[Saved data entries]
┌────────
lemma drift_difference_pairing_le:
  fixes V' :: "real \<Rightarrow> real" and u u' \<psi> \<psi>' :: "site \<Rightarrow> real"
  assumes "finite D" and odd: "\<And>z. V' (- z) = - V' z"
    and monotone: "\<And>p q. aV * (p - q)\<^sup>2 \<le> (V' p - V' q) * (p - q)"
    and lipschitz: "\<And>p q. \<bar>V' p - V' q\<bar> \<le> AV * \<bar>p - q\<bar>"
  shows "(\<Sum>x\<in>D. (u x - u' x) * (drift V' D \<psi> u x - drift V' D \<psi>' u' x))
    \<le> - aV * (\<Sum>e\<in>Dstar D. (grad (\<lambda>x. ext D u \<psi> x - ext D u' \<psi>' x) e)\<^sup>2)
      + AV * (\<Sum>e\<in>bdry_edges D. \<bar>\<psi> (bdry_pt D e) - \<psi>' (bdry_pt D e)\<bar>
          * \<bar>grad (\<lambda>x. ext D u \<psi> x - ext D u' \<psi>' x) e\<bar>)"
proof -
  define H where "H = (\<lambda>x. ext D u \<psi> x - ext D u' \<psi>' x)"
  define \<Delta> where "\<Delta> x y = V' (ext D u \<psi> y - ext D u \<psi> x) - V' (ext D u' \<psi>' y - ext D u' \<psi>' x)"
    for x y
  define u0 where "u0 = ext D (\<lambda>x. u x - u' x) (\<lambda>_. 0)"
  define B where "B e = \<bar>\<psi> (bdry_pt D e) - \<psi>' (bdry_pt D e)\<bar> * \<bar>grad H e\<bar>" for e
  have "(\<Sum>x\<in>D. (u x - u' x) * (drift V' D \<psi> u x - drift V' D \<psi>' u' x))
      = (\<Sum>x\<in>D. (u x - u' x) * (\<Sum>y\<in>{y. adj x y}. \<Delta> x y))"
    by (simp add: drift_def \<Delta>_def sum_subtractf)
  also have "\<dots> = (\<Sum>e\<in>Dstar D. - (grad u0 e * \<Delta> (fst e) (snd e)))"
    unfolding u0_def sum_negf
  proof (rule sum_adj_eq_sum_Dstar[OF \<open>finite D\<close>])
    fix x y
    show "\<Delta> y x = - \<Delta> x y"
      using odd[of "ext D u \<psi> y - ext D u \<psi> x"] odd[of "ext D u' \<psi>' y - ext D u' \<psi>' x"]
      by (simp add: \<Delta>_def)
  qed
  also have "\<dots> \<le> (\<Sum>e\<in>Dstar D. - aV * (grad H e)\<^sup>2 + AV * (if e \<in> bdry_edges D then B e else 0))"
  proof (rule sum_mono)
    fix e
    assume "e \<in> Dstar D"
    define d where "d = grad H e"
    have "d = (ext D u \<psi> (snd e) - ext D u \<psi> (fst e)) - (ext D u' \<psi>' (snd e) - ext D u' \<psi>' (fst e))"
      by (simp add: d_def H_def grad_def)
    then have mono: "aV * d\<^sup>2 \<le> d * \<Delta> (fst e) (snd e)"
      and lip: "\<bar>\<Delta> (fst e) (snd e)\<bar> \<le> AV * \<bar>d\<bar>"
      using monotone lipschitz unfolding \<Delta>_def by (simp_all add: mult.commute)
    have "H = ext D (\<lambda>x. u x - u' x) (\<lambda>x. \<psi> x - \<psi>' x)"
      by (auto simp: H_def ext_def)
    then have correction: "\<bar>d - grad u0 e\<bar>
        = (if e \<in> bdry_edges D then \<bar>\<psi> (bdry_pt D e) - \<psi>' (bdry_pt D e)\<bar> else 0)"
      unfolding d_def u0_def using abs_grad_ext_diff[OF \<open>e \<in> Dstar D\<close>] by simp
    have "(d - grad u0 e) * \<Delta> (fst e) (snd e) \<le> \<bar>d - grad u0 e\<bar> * \<bar>\<Delta> (fst e) (snd e)\<bar>"
      by (metis abs_ge_self abs_mult)
    also have "\<dots> \<le> \<bar>d - grad u0 e\<bar> * (AV * \<bar>d\<bar>)"
      using lip by (intro mult_left_mono) auto
    finally have "- (grad u0 e * \<Delta> (fst e) (snd e)) \<le> - aV * d\<^sup>2 + AV * (\<bar>d - grad u0 e\<bar> * \<bar>d\<bar>)"
      using mono by (simp add: algebra_simps)
    then show "- (grad u0 e * \<Delta> (fst e) (snd e))
        \<le> - aV * (grad H e)\<^sup>2 + AV * (if e \<in> bdry_edges D then B e else 0)"
      using correction by (cases "e \<in> bdry_edges D") (simp_all add: B_def d_def)
  qed
  also have "\<dots> = - aV * (\<Sum>e\<in>Dstar D. (grad H e)\<^sup>2) + AV * (\<Sum>e\<in>bdry_edges D. B e)"
  proof -
    have "Dstar D \<inter> bdry_edges D = bdry_edges D"
      unfolding bdry_edges_def Dstar_def by auto
    then have "(\<Sum>e\<in>Dstar D. if e \<in> bdry_edges D then B e else 0) = (\<Sum>e\<in>bdry_edges D. B e)"
      using sum.inter_restrict[OF finite_Dstar[OF \<open>finite D\<close>], of B "bdry_edges D"] by simp
    then show ?thesis
      by (simp add: sum_subtractf sum_distrib_left[symmetric])
  qed
  finally show ?thesis
    by (simp add: H_def B_def)
qed

section \<open>Differences of conditioned Langevin solutions\<close>

lemma continuous_on_ext:
  assumes "\<forall>x\<in>D. continuous_on UNIV (\<lambda>t. h t x)"
  shows "continuous_on UNIV (\<lambda>t. ext D (h t) \<psi> y)"
  using assms by (cases "y \<in> D") (auto simp: ext_def)

lemma continuous_on_drift:
  assumes "continuous_on UNIV V'" and "\<forall>x\<in>D. continuous_on UNIV (\<lambda>t. h t x)"
  shows "continuous_on UNIV (\<lambda>t. drift V' D \<psi> (h t) x)"
  unfolding drift_def
  by (intro continuous_on_sum continuous_on_compose2[OF assms(1)] continuous_intros
      continuous_on_ext assms(2)) auto

lemma langevin_sol_continuous:
  "langevin_sol V' D \<psi> a b W h la lb \<Longrightarrow> \<forall>x\<in>D. continuous_on UNIV (\<lambda>t. h t x)"
  unfolding langevin_sol_def by blast

lemma langevin_sol_between:
  "langevin_sol V' D \<psi> a b W h la lb \<Longrightarrow> x \<in> D \<Longrightarrow> a x \<le> ereal (h t x) \<and> ereal (h t x) \<le> b x"
  unfolding langevin_sol_def by blast

lemma langevin_sol_mono:
  "langevin_sol V' D \<psi> a b W h la lb \<Longrightarrow> x \<in> D \<Longrightarrow> mono (\<lambda>t. la t x) \<and> mono (\<lambda>t. lb t x)"
  unfolding langevin_sol_def by blast

lemma langevin_sol_la_const:
  "langevin_sol V' D \<psi> a b W h la lb \<Longrightarrow> x \<in> D \<Longrightarrow> s \<le> t \<Longrightarrow>
    (\<forall>u\<in>{s..t}. ereal (h u x) \<noteq> a x) \<Longrightarrow> la s x = la t x"
  unfolding langevin_sol_def by blast

lemma langevin_sol_lb_const:
  "langevin_sol V' D \<psi> a b W h la lb \<Longrightarrow> x \<in> D \<Longrightarrow> s \<le> t \<Longrightarrow>
    (\<forall>u\<in>{s..t}. ereal (h u x) \<noteq> b x) \<Longrightarrow> lb s x = lb t x"
  unfolding langevin_sol_def by blast

lemma langevin_sol_increment:
  "langevin_sol V' D \<psi> a b W h la lb \<Longrightarrow> x \<in> D \<Longrightarrow> s \<le> t \<Longrightarrow>
    h t x - h s x = integral {s..t} (\<lambda>u. drift V' D \<psi> (h u) x)
      + (la t x - la s x) - (lb t x - lb s x) + sqrt 2 * (W t x - W s x)"
  unfolding langevin_sol_def by blast

lemma langevin_difference_nonincreasing_where_pos:
  assumes sol: "langevin_sol V' D \<psi> a b W h la lb"
    and sol': "langevin_sol V' D \<psi>' a b W h' la' lb'" and "x \<in> D"
  shows "nonincreasing_where_pos (\<lambda>t. h t x - h' t x) (\<lambda>t. (la t x - lb t x) - (la' t x - lb' t x))"
  unfolding nonincreasing_where_pos_def
proof (intro allI impI)
  fix s t :: real
  assume "s \<le> t" and pos: "\<forall>u\<in>{s..t}. 0 < h u x - h' u x"
  \<comment> \<open>While \<open>h' < h\<close>, the solution \<open>h\<close> is off its lower barrier and \<open>h'\<close> is off its upper one.\<close>
  have "ereal (h u x) \<noteq> a x" "ereal (h' u x) \<noteq> b x" if "u \<in> {s..t}" for u
  proof -
    have "a x \<le> ereal (h' u x)" "ereal (h' u x) < ereal (h u x)" "ereal (h u x) \<le> b x"
      using langevin_sol_between[OF sol] langevin_sol_between[OF sol'] pos that \<open>x \<in> D\<close> by auto
    then have "a x < ereal (h u x)" "ereal (h' u x) < b x"
      using le_less_trans less_le_trans by blast+
    then show "ereal (h u x) \<noteq> a x" "ereal (h' u x) \<noteq> b x"
      by auto
  qed
  then have "la s x = la t x" "lb' s x = lb' t x"
    using langevin_sol_la_const[OF sol \<open>x \<in> D\<close> \<open>s \<le> t\<close>]
      langevin_sol_lb_const[OF sol' \<open>x \<in> D\<close> \<open>s \<le> t\<close>] by blast+
  moreover have "lb s x \<le> lb t x" "la' s x \<le> la' t x"
    using langevin_sol_mono[OF sol \<open>x \<in> D\<close>] langevin_sol_mono[OF sol' \<open>x \<in> D\<close>] \<open>s \<le> t\<close>
    by (auto dest: monoD)
  ultimately show "la t x - lb t x - (la' t x - lb' t x) \<le> la s x - lb s x - (la' s x - lb' s x)"
    by simp
qed
lemma Psi_eq_eval_terms: "Psi k = eval_terms (Psi_terms k)"
proof (induction k)
  case (Suc k)
  show ?case
  proof
    fix x :: real
    note rec = eval_scale_euler_euler_terms[of x "Psi_terms k"]
    show "Psi (Suc k) x = eval_terms (Psi_terms (Suc k)) x"
    proof (cases "x = 0")
      case False
      have "Psi (Suc k) x = (x\<^sup>2 * eval_terms (deriv_terms (deriv_terms (Psi_terms k))) x
          + x * eval_terms (deriv_terms (Psi_terms k)) x) / (4 * (1 + x\<^sup>2))"
        using False by (simp add: Suc.IH deriv_eval_terms distrib_left add_divide_distrib power2_eq_square)
      also have "\<dots> = eval_terms (Psi_terms (Suc k)) x"
        unfolding rec[symmetric] using one_plus_square_pos[of x] by simp
      finally show ?thesis .
    qed (use rec in simp)
  qed
qed (simp add: fun_eq_iff)

lemma funpow_deriv_Psi_has_real_derivative:
  "((deriv ^^ j) (Psi k) has_real_derivative (deriv ^^ Suc j) (Psi k) x) (at x)"
proof -
  have "(deriv ^^ j) (Psi k) = eval_terms ((deriv_terms ^^ j) (Psi_terms k))" for j
    by (induction j) (simp_all add: Psi_eq_eval_terms deriv_eval_terms)
  then show ?thesis
    by (simp add: eval_terms_has_real_derivative deriv_eval_terms)
qed

lemma Psi_has_real_derivative: "(Psi k has_real_derivative deriv (Psi k) x) (at x)"
  using funpow_deriv_Psi_has_real_derivative[of 0] by simp

lemma deriv_Psi_has_real_derivative: "(deriv (Psi k) has_real_derivative deriv (deriv (Psi k)) x) (at x)"
  using funpow_deriv_Psi_has_real_derivative[of 1] by simp

lemma Psi_recurrence:
  "x\<^sup>2 * deriv (deriv (Psi k)) x + x * deriv (Psi k) x = 4 * (1 + x\<^sup>2) * Psi (Suc k) x"
  unfolding Psi_eq_eval_terms deriv_eval_terms Psi_terms.simps eval_scale_euler_euler_terms ..

lemma Psi_zero: "Psi k 0 = 0"
  by (cases k) simp_all

declare Psi.simps(2) [simp del]

definition admissible_terms :: "rat_terms \<Rightarrow> bool" where
  "admissible_terms cs \<longleftrightarrow> (\<forall>(c, a, b)\<in>set cs. 1 \<le> a \<and> a + 1 \<le> 2 * b)"

lemma admissible_Psi_terms: "admissible_terms (Psi_terms k)"
  by (induction k) (auto simp: admissible_terms_def scale_terms_def euler_terms_def)

definition coeff_norm :: "rat_terms \<Rightarrow> real" where
  "coeff_norm cs = (\<Sum>(c, a, b)\<leftarrow>cs. \<bar>c\<bar>)"

lemma coeff_norm_nonneg: "0 \<le> coeff_norm cs"
  unfolding coeff_norm_def by (induction cs) auto

lemma power_div_one_plus_square_le:
  fixes x :: real
  assumes "1 \<le> a" "a + 1 \<le> 2 * b" "0 \<le> x"
  shows "x ^ a / (1 + x\<^sup>2) ^ b \<le> x / (1 + x\<^sup>2)"
proof -
  obtain a' b' where ab: "a = Suc a'" "b = Suc b'" "a' \<le> 2 * b'"
    using assms by (cases a; cases b) auto
  have "x ^ a' \<le> max 1 x ^ (2 * b')"
    by (rule order.trans[OF power_mono power_increasing]) (use assms ab in auto)
  also have "\<dots> = (max 1 x)\<^sup>2 ^ b'"
    by (simp add: power_mult)
  also have "\<dots> \<le> (1 + x\<^sup>2) ^ b'"
    by (intro power_mono) (auto simp: max_def)
  finally have "x ^ a' / (1 + x\<^sup>2) ^ b' \<le> 1"
    using one_plus_square_pos[of x] by simp
  have "x ^ a / (1 + x\<^sup>2) ^ b = x / (1 + x\<^sup>2) * (x ^ a' / (1 + x\<^sup>2) ^ b')"
    unfolding ab by simp
  also have "\<dots> \<le> x / (1 + x\<^sup>2) * 1"
    by (rule mult_left_mono) (use \<open>_ \<le> 1\<close> assms(3) in auto)
  finally show ?thesis
    by simp
qed

lemma abs_eval_terms_le:
  assumes "admissible_terms cs" "0 \<le> x"
  shows "\<bar>eval_terms cs x\<bar> \<le> coeff_norm cs * (x / (1 + x\<^sup>2))"
  using assms(1)
proof (induction cs)
  case (Cons t cs)
  obtain c a b where t: "t = (c, a, b)" by (cases t)
  with Cons.prems have adm: "1 \<le> a" "a + 1 \<le> 2 * b" "admissible_terms cs"
    by (auto simp: admissible_terms_def)
  have "\<bar>c * x ^ a / (1 + x\<^sup>2) ^ b\<bar> = \<bar>c\<bar> * (x ^ a / (1 + x\<^sup>2) ^ b)"
    using assms(2) by (simp add: abs_mult)
  also have "\<dots> \<le> \<bar>c\<bar> * (x / (1 + x\<^sup>2))"
    by (rule mult_left_mono[OF power_div_one_plus_square_le[OF adm(1,2) assms(2)]]) simp
  finally have "\<bar>c * x ^ a / (1 + x\<^sup>2) ^ b\<bar> \<le> \<bar>c\<bar> * (x / (1 + x\<^sup>2))" .
  moreover have "eval_terms (t # cs) x = c * x ^ a / (1 + x\<^sup>2) ^ b + eval_terms cs x"
    "coeff_norm (t # cs) = \<bar>c\<bar> + coeff_norm cs"
    using t by (simp_all add: coeff_norm_def)
  ultimately show ?case
    using Cons.IH[OF adm(3)] abs_triangle_ineq[of "c * x ^ a / (1 + x\<^sup>2) ^ b" "eval_terms cs x"]
    by (simp only: distrib_right)
qed (simp add: coeff_norm_def)

lemma Psi_bound: "\<exists>A\<ge>0. \<forall>x\<ge>0. \<bar>Psi k x\<bar> \<le> A * (x / (1 + x\<^sup>2))"
  using abs_eval_terms_le[OF admissible_Psi_terms] coeff_norm_nonneg
  unfolding Psi_eq_eval_terms by blast

lemma Psi_bounded: "\<exists>B. \<forall>x\<ge>0. \<bar>Psi k x\<bar> \<le> B"
proof -
  obtain A where A: "0 \<le> A" "\<And>x. 0 \<le> x \<Longrightarrow> \<bar>Psi k x\<bar> \<le> A * (x / (1 + x\<^sup>2))"
    using Psi_bound by blast
  have "x / (1 + x\<^sup>2) \<le> 1" if "0 \<le> x" for x :: real
  proof -
    have "x \<le> 1 + x\<^sup>2"
      using two_mult_le_one_plus_square[of x] that by linarith
    then show ?thesis
      by (simp add: add_pos_nonneg)
  qed
  then have "\<bar>Psi k x\<bar> \<le> A" if "0 \<le> x" for x
    using A mult_left_le[of "x / (1 + x\<^sup>2)" A] that by (meson order.trans)
  then show ?thesis
    by blast
qed

lemma Psi_1: "Psi 1 x = x * (x ^ 4 - 6 * x\<^sup>2 + 1) / (4 * (1 + x\<^sup>2) ^ 4)"
proof -
  obtain w where w: "w = 1 + x\<^sup>2" "w > 0"
    using one_plus_square_pos by blast
  have "Psi_terms 1 = [(1/4, 1, 2), (-1/2, 3, 3), (-3/2, 3, 3), (2, 5, 4)]"
    by (simp add: scale_terms_def euler_terms_def)
  then have "Psi 1 x = eval_terms [(1/4, 1, 2), (-1/2, 3, 3), (-3/2, 3, 3), (2, 5, 4)] x"
    by (simp only: Psi_eq_eval_terms)
  also have "\<dots> = (x * w\<^sup>2 - 8 * x ^ 3 * w + 8 * x ^ 5) / (4 * w ^ 4)"
    unfolding eval_terms_Cons eval_terms_Nil w(1)[symmetric] using w(2)
    by (simp add: field_simps eval_nat_numeral)
  also have "x * w\<^sup>2 - 8 * x ^ 3 * w + 8 * x ^ 5 = x * (x ^ 4 - 6 * x\<^sup>2 + 1)"
    unfolding w(1) by (simp add: algebra_simps eval_nat_numeral)
  finally show ?thesis
    unfolding w(1) .
qed

lemma Psi_1_le: "0 \<le> x \<Longrightarrow> 4 * (1 + x\<^sup>2) * Psi 1 x \<le> x"
proof -
  assume x: "0 \<le> x"
  have "(1 + x\<^sup>2) ^ 3 - (x ^ 4 - 6 * x\<^sup>2 + 1) = 9 * x\<^sup>2 + 2 * x ^ 4 + x ^ 6"
    by (simp add: algebra_simps eval_nat_numeral)
  moreover have "0 \<le> 9 * x\<^sup>2 + 2 * x ^ 4 + x ^ 6"
    using x by simp
  ultimately have "x ^ 4 - 6 * x\<^sup>2 + 1 \<le> (1 + x\<^sup>2) ^ 3"
    by linarith
  then have "x * (x ^ 4 - 6 * x\<^sup>2 + 1) \<le> x * (1 + x\<^sup>2) ^ 3"
    using x by (rule mult_left_mono)
  moreover have "4 * (1 + x\<^sup>2) * Psi 1 x = x * (x ^ 4 - 6 * x\<^sup>2 + 1) / (1 + x\<^sup>2) ^ 3"
  proof -
    have "0 < w \<Longrightarrow> 4 * w * (y / (4 * w ^ 4)) = y / w ^ 3" for w y :: real
      by (simp add: field_simps eval_nat_numeral)
    then show ?thesis
      unfolding Psi_1 using one_plus_square_pos by blast
  qed
  ultimately show ?thesis
    using one_plus_square_pos[of x] by (simp add: divide_le_eq)
qed

section \<open>The differential equations of phi_n and varphi_n\<close>

definition phi_kernel :: "nat \<Rightarrow> real \<Rightarrow> real \<Rightarrow> complex" where
  "phi_kernel n x t = exp (complex_of_real (- 2 * x * sin t)) * exp (\<i> * complex_of_real (2 * real n * t))"

definition phi_deriv :: "nat \<Rightarrow> nat \<Rightarrow> real \<Rightarrow> complex" where
  "phi_deriv n j x = integral {0..pi} (\<lambda>t. complex_of_real ((- 2 * sin t) ^ j) * phi_kernel n x t)"

lemma phi_eq_phi_deriv_0: "phi n = phi_deriv n 0"
  by (simp add: fun_eq_iff phi_def phi_deriv_def phi_kernel_def)

lemma phi_kernel_eq: "phi_kernel n x t = complex_of_real (exp (- 2 * x * sin t)) * exp (\<i> * complex_of_real (2 * real n * t))"
  by (simp add: phi_kernel_def flip: exp_of_real)

lemma phi_kernel_0 [simp]: "phi_kernel n x 0 = 1"
  by (simp add: phi_kernel_def)

lemma phi_kernel_pi [simp]: "phi_kernel n x pi = 1"
proof -
  have "exp (\<i> * complex_of_real (2 * real n * pi)) = exp (\<i> * (of_nat n * (of_real pi * 2)))"
    by (simp add: mult_ac)
  also have "\<dots> = 1"
    by (rule exp_2pi_1_nat)
  finally show ?thesis
    unfolding phi_kernel_def by simp
qed

lemma phi_kernel_has_vector_derivative_x:
  "((\<lambda>x. phi_kernel n x t) has_vector_derivative complex_of_real (- 2 * sin t) * phi_kernel n x t) (at x within S)"
  unfolding phi_kernel_eq
  by (auto intro!: derivative_eq_intros simp: mult_ac)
└────────
• WHAT IS NEEDED
The expected result is a copy of each line in the records where "else" appears.

• EXERCISE SOLUTION
  also have "\<dots> \<le> (\<Sum>e\<in>Dstar D. - aV * (grad H e)\<^sup>2 + AV * (if e \<in> bdry_edges D then B e else 0))"
        = (if e \<in> bdry_edges D then \<bar>\<psi> (bdry_pt D e) - \<psi>' (bdry_pt D e)\<bar> else 0)"
        \<le> - aV * (grad H e)\<^sup>2 + AV * (if e \<in> bdry_edges D then B e else 0)"
    then have "(\<Sum>e\<in>Dstar D. if e \<in> bdry_edges D then B e else 0) = (\<Sum>e\<in>bdry_edges D. B e)"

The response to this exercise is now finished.